You can pass a vector of text which will first be attempted to translate in one API call - if that fails due to being greater than the API limits, it will attempt again but vectorising the API calls. This will result in more calls and be slower, but cost the same as you are charged per character translated, not per API call.
HTML support
You can also supply web HTML and select the
format='html'
which will handle HTML tags to give you a
cleaner translation.
Consider removing anything not needed to be translated first, such as
JavaScript and CSS scripts using the tools of rvest
- an
example is shown below:
# translate webpages
library(rvest)
library(googleLanguageR)
my_url <- "http://www.dr.dk/nyheder/indland/greenpeace-facebook-og-google-boer-foelge-apples-groenne-planer"

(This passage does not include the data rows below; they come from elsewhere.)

lemma ham_tens:
  assumes sup: "\<forall>X\<in>S. supported_on V d X (h X) \<and> X \<subseteq> W1"
    and U: "W1 \<union> W2 = V" and D: "W1 \<inter> W2 = {}"
    and y0: "y0 \<in> cfgs W2 d" and s: "s \<in> cfgs V d" and t: "t \<in> cfgs V d"
  shows "ham c S h a s t = tens W1 W2 (op_slice W1 y0 (ham c S h a)) mone s t"
proof -
  have "h X s t = tens W1 W2 (op_slice W1 y0 (h X)) mone s t" if "X \<in> S" for X
    using supported_on_tens[OF _ _ U D y0 s t] sup that by blast
  then show ?thesis
    unfolding ham_def by (simp add: tens_def op_slice_def sum_distrib_left mult_ac cong: sum.cong)
qed

lemma ham_split_tens:
  assumes finE: "finite E" and S: "S1 \<union> S2 \<subseteq> E" and SD: "S1 \<inter> S2 = {}"
    and a0: "\<forall>X. X \<notin> S1 \<union> S2 \<longrightarrow> a X = 0"
    and U: "W1 \<union> W2 = V" and D: "W1 \<inter> W2 = {}"
    and x0: "x0 \<in> cfgs W1 d" and y0: "y0 \<in> cfgs W2 d" and s: "s \<in> cfgs V d" and t: "t \<in> cfgs V d"
    and sup1: "\<forall>X\<in>S1. supported_on V d X (h X) \<and> X \<subseteq> W1"
    and sup2: "\<forall>X\<in>S2. supported_on V d X (h X) \<and> X \<subseteq> W2"
  shows "ham c E h a s t
     = tens W1 W2 (op_slice W1 y0 (ham c S1 h a)) mone s t + tens W1 W2 mone (op_slice W2 x0 (ham c S2 h a)) s t"
proof -
  have fin1: "finite S1" and fin2: "finite S2" using finE S finite_subset by auto
  have "(\<Sum>X\<in>E. of_real (a X) * h X s t) = (\<Sum>X\<in>S1 \<union> S2. of_real (a X) * h X s t)"
    by (rule sum.mono_neutral_right[OF finE S]) (use a0 in auto)
  then have "ham c E h a s t = ham c S1 h a s t + ham c S2 h a s t"
    unfolding ham_def by (simp add: sum.union_disjoint[OF fin1 fin2 SD] distrib_left)
  moreover have "ham c S2 h a s t = tens W1 W2 mone (op_slice W2 x0 (ham c S2 h a)) s t"
    using ham_tens[OF sup2 _ _ x0 s t] U D by (auto simp: tens_commute)
  ultimately show ?thesis using ham_tens[OF sup1 U D y0 s t] by simp
qed

section \<open>Partial derivatives in the parameters\<close>

type_synonym param_fun = "(nat set \<Rightarrow> real) \<Rightarrow> (nat set \<Rightarrow> real) \<Rightarrow> real"

definition pd :: "nat set + nat set \<Rightarrow> param_fun \<Rightarrow> param_fun" where
  "pd = case_sum pda pdb"

definition pds :: "(nat set + nat set) list \<Rightarrow> param_fun \<Rightarrow> param_fun" where
  "pds cs F = foldr pd cs F"

fun independent_of :: "nat set + nat set \<Rightarrow> param_fun \<Rightarrow> bool" where
  "independent_of (Inl X) F \<longleftrightarrow> (\<forall>a b r. F (a(X := r)) b = F a b)"
| "independent_of (Inr X) F \<longleftrightarrow> (\<forall>a b r. F a (b(X := r)) = F a b)"

lemma Da_Db_eq_pds: "Da w2 (Db w1 F) = pds (map Inl w2 @ map Inr w1) F"
  unfolding Da_def Db_def pds_def by (simp add: foldr_map pd_def comp_def)

lemma pds_Cons: "pds (c # cs) F = pd c (pds cs F)"
  unfolding pds_def by simp

lemma pds_snoc: "pds (cs @ [c]) F = pds cs (pd c F)"
  unfolding pds_def by simp

lemma independent_of_const: "independent_of c (\<lambda>a b. k)"
  by (cases c) auto

lemma pd_independent: "independent_of c F \<Longrightarrow> pd c F = (\<lambda>a b. 0)"
  by (cases c) (auto simp: pd_def pda_def pdb_def)

lemma pds_zero: "pds cs (\<lambda>a b. 0) = (\<lambda>a b. 0)"
  by (induction cs) (simp_all add: pds_Cons pd_independent independent_of_const, simp add: pds_def)

lemma independent_of_pd:
  assumes F: "independent_of c F" shows "independent_of c (pd e F)"
proof (cases "e = c")
  case True
  then show ?thesis using pd_independent[OF F] independent_of_const by simp
next
  case False
  show ?thesis
  proof (cases c; cases e)
    fix X Y assume c: "c = Inl X" and e: "e = Inl Y"
    with False have "X \<noteq> Y" by simp
    with F show ?thesis by (simp add: c e pd_def pda_def fun_upd_twist[of X Y])
  next
    fix X Y assume c: "c = Inr X" and e: "e = Inr Y"
    with False have "X \<noteq> Y" by simp
    with F show ?thesis by (simp add: c e pd_def pdb_def fun_upd_twist[of X Y])
  qed (use F in \<open>simp_all add: pd_def pda_def pdb_def\<close>)
qed

lemma independent_of_pds: "independent_of c F \<Longrightarrow> independent_of c (pds cs F)"
  by (induction cs) (simp_all add: pds_Cons independent_of_pd, simp add: pds_def)

lemma pds_independent: "c \<in> set cs \<Longrightarrow> independent_of c F \<Longrightarrow> pds cs F = (\<lambda>a b. 0)"
proof (induction cs)
  case (Cons e cs)
  show ?case
  proof (cases "c \<in> set cs")
    case True
    then show ?thesis using Cons by (simp add: pds_Cons pd_independent independent_of_const)
  next
    case False
    then have "e = c" using Cons.prems by simp
    then show ?thesis
      using pd_independent[OF independent_of_pds[OF Cons.prems(2)]] by (simp add: pds_Cons)
  qed
qed simp

lemma deriv_const_add: "deriv (\<lambda>t. k + f t) x = deriv f (x :: real)"
  unfolding deriv_def has_real_derivative_iff_has_vector_derivative
  by (simp add: add.commute[of k] has_vector_derivative_add_const)

lemma pd_add_independent: "independent_of c F \<Longrightarrow> pd c (\<lambda>a b. F a b + G a b) = pd c G"
  by (cases c) (auto simp: pd_def pda_def pdb_def deriv_const_add)

lemma pds_separated_sum_last:
  assumes F: "\<forall>c\<in>-C. independent_of c F" and G: "\<forall>c\<in>C. independent_of c G"
    and c': "c' \<in> set cs" "c' \<notin> C" and x: "x \<in> C"
  shows "pds (cs @ [x]) (\<lambda>a b. F a b + G a b) = (\<lambda>a b. 0)"
proof -
  have "pd x (\<lambda>a b. F a b + G a b) = pd x F"
    using pd_add_independent[of x G F] G x by (simp add: add.commute)
  moreover have "independent_of c' (pd x F)" using F c' by (intro independent_of_pd) auto
  ultimately show ?thesis using c' by (simp add: pds_snoc pds_independent)
qed

lemma pds_separated_sum:
  assumes F: "\<forall>c\<in>-C. independent_of c F" and G: "\<forall>c\<in>C. independent_of c G"
    and c: "c \<in> set cs" "c \<in> C" and c': "c' \<in> set cs" "c' \<notin> C"
  shows "pds cs (\<lambda>a b. F a b + G a b) = (\<lambda>a b. 0)"
proof -
  obtain cs0 x where cs: "cs = cs0 @ [x]" using c by (cases cs rule: rev_cases) auto
  show ?thesis
  proof (cases "x \<in> C")
    case True
    then show ?thesis using pds_separated_sum_last[OF F G _ _ True, of c'] c' cs by auto
  next
    case False
    then have "pds cs (\<lambda>a b. G a b + F a b) = (\<lambda>a b. 0)"
      using pds_separated_sum_last[of "-C" G F c cs0 x] F G c cs by auto
    then show ?thesis by (simp add: add.commute)
  qed
qed

lemma pds_linear:
  assumes "2 \<le> length cs"
  shows "pds cs (\<lambda>a b. \<kappa> * b Z) = (\<lambda>a b. 0)"
proof -
  obtain cs0 x where cs: "cs = cs0 @ [x]"
    using assms by (cases cs rule: rev_cases) auto
  with assms have "cs0 \<noteq> []" by auto
  then obtain c where c: "c \<in> set cs0" by (cases cs0) auto
  show ?thesis
  proof (cases "x = Inr Z")
    case True
    then have "pd x (\<lambda>a b. \<kappa> * b Z) = (\<lambda>a b. \<kappa>)"
      by (auto simp: pd_def pdb_def)
    then show ?thesis using c by (simp add: cs pds_snoc pds_independent independent_of_const)
  next
    case False
    then have "independent_of x (\<lambda>a b. \<kappa> * b Z)" by (cases x) auto
    then show ?thesis by (simp add: cs pds_snoc pd_independent pds_zero)
  qed
qed

lemma pds_cong_params:
  assumes eq: "\<And>a b. \<forall>X. X \<notin> S \<longrightarrow> a X = 0 \<and> b X = 0 \<Longrightarrow> F a b = G a b"
    and cs: "set cs \<subseteq> S <+> S"
  shows "\<forall>X. X \<notin> S \<longrightarrow> a X = 0 \<and> b X = 0 \<Longrightarrow> pds cs F a b = pds cs G a b"
  using cs
proof (induction cs arbitrary: a b)
  case Nil then show ?case using eq by (simp add: pds_def)
next
  case (Cons c cs)
  have IH: "\<And>a b. \<forall>X. X \<notin> S \<longrightarrow> a X = 0 \<and> b X = 0 \<Longrightarrow> pds cs F a b = pds cs G a b"
    using Cons by simp
  show ?case
  proof (cases c)
    case (Inl X)
    with Cons.prems have "X \<in> S" by auto
    then have "pds cs F (a(X := r)) b = pds cs G (a(X := r)) b" for r
      using Cons.prems(1) by (intro IH) auto
    then show ?thesis by (simp add: pds_Cons Inl pd_def pda_def)
  next
    case (Inr X)
    with Cons.prems have "X \<in> S" by auto
    then have "pds cs F a (b(X := r)) = pds cs G a (b(X := r))" for r
      using Cons.prems(1) by (intro IH) auto
    then show ?thesis by (simp add: pds_Cons Inr pd_def pdb_def)
  qed
qed

section \<open>Separated clusters\<close>

definition local_terms :: "nat set \<Rightarrow> (nat \<Rightarrow> nat) \<Rightarrow> nat set set \<Rightarrow> (nat set \<Rightarrow> op) \<Rightarrow> bool" where
  "local_terms V d S h \<longleftrightarrow> (\<forall>X\<in>S. hermitian V d (h X) \<and> supported_on V d X (h X))"

lemma local_terms_subset: "S \<subseteq> E \<Longrightarrow> local_terms V d E h \<Longrightarrow> local_terms V d S h"
  unfolding local_terms_def by blast

lemma ln_gibbs_expval_ham_split:
  assumes fin: "finite V" and U: "W1 \<union> W2 = V" and D: "W1 \<inter> W2 = {}"
    and x0: "x0 \<in> cfgs W1 d" and y0: "y0 \<in> cfgs W2 d"
    and finE: "finite E" and S: "S1 \<union> S2 \<subseteq> E" and SD: "S1 \<inter> S2 = {}"
    and vanish: "\<forall>X. X \<notin> S1 \<union> S2 \<longrightarrow> a X = 0 \<and> b X = 0"
    and loc: "local_terms V d (S1 \<union> S2) h" "local_terms V d (S1 \<union> S2) f"
    and sub: "\<forall>X\<in>S1. X \<subseteq> W1" "\<forall>X\<in>S2. X \<subseteq> W2"
  shows "ln (Re (gibbs_expval V d (ham c E h a) (ham c' E f b)))
    = ln (Re (gibbs_expval W1 d (op_slice W1 y0 (ham c S1 h a)) (op_slice W1 y0 (ham c' S1 f b))))
    + ln (Re (gibbs_expval W2 d (op_slice W2 x0 (ham c S2 h a)) (op_slice W2 x0 (ham c' S2 f b))))"
proof (rule ln_gibbs_expval_tens[OF fin U D])
  have U': "W2 \<union> W1 = V" using U by auto
  show "cfgs W1 d \<noteq> {}" "cfgs W2 d \<noteq> {}" using x0 y0 by auto
  show "hermitian W1 d (op_slice W1 y0 (ham c S1 h a))" "hermitian W1 d (op_slice W1 y0 (ham c' S1 f b))"
    "hermitian W2 d (op_slice W2 x0 (ham c S2 h a))" "hermitian W2 d (op_slice W2 x0 (ham c' S2 f b))"
    using loc unfolding local_terms_def
    by (auto intro!: hermitian_op_slice[OF _ U y0] hermitian_op_slice[OF _ U' x0] hermitian_ham)
  show "ham c E h a s t = tens W1 W2 (op_slice W1 y0 (ham c S1 h a)) mone s t
      + tens W1 W2 mone (op_slice W2 x0 (ham c S2 h a)) s t"
    and "ham c' E f b s t = tens W1 W2 (op_slice W1 y0 (ham c' S1 f b)) mone s t
      + tens W1 W2 mone (op_slice W2 x0 (ham c' S2 f b)) s t"
    if "s \<in> cfgs V d" "t \<in> cfgs V d" for s t
    using loc sub vanish unfolding local_terms_def
    by (auto intro!: ham_split_tens[OF finE S SD _ U D x0 y0 that])
qed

## in this case the content to translate is in css select .wcms-article-content
read_html(my_url) %>% # read html
html_node(css = ".wcms-article-content") %>% # select article content
html_text %>% # extract text
gl_translate(format = "html") %>% # translate with html flag
dplyr::select(translatedText) # show translatedText column of output tibble
Language Detection
This function only detects the language:
## which language is this?
gl_translate_detect("katten sidder på måtten")
The more text it has, the better. And it helps if its not Danish…
It may be better to use cld2
to
translate offline first, to avoid charges if the translation is
unnecessary (e.g. already in English). You could then verify online for
more uncertain cases.
cld2::detect_language("katten sidder på måtten")
Translation API limits
The API limits in three ways: characters per day, characters per 100
seconds, and API requests per 100 seconds. All can be set in the API
manager in Google Cloud console:
https://console.developers.google.com/apis/api/translate.googleapis.com/quotas
The library will limit the API calls for the characters and API
requests per 100 seconds. The API will automatically retry if you are
making requests too quickly, and also pause to make sure you only send
100000
characters per 100 seconds.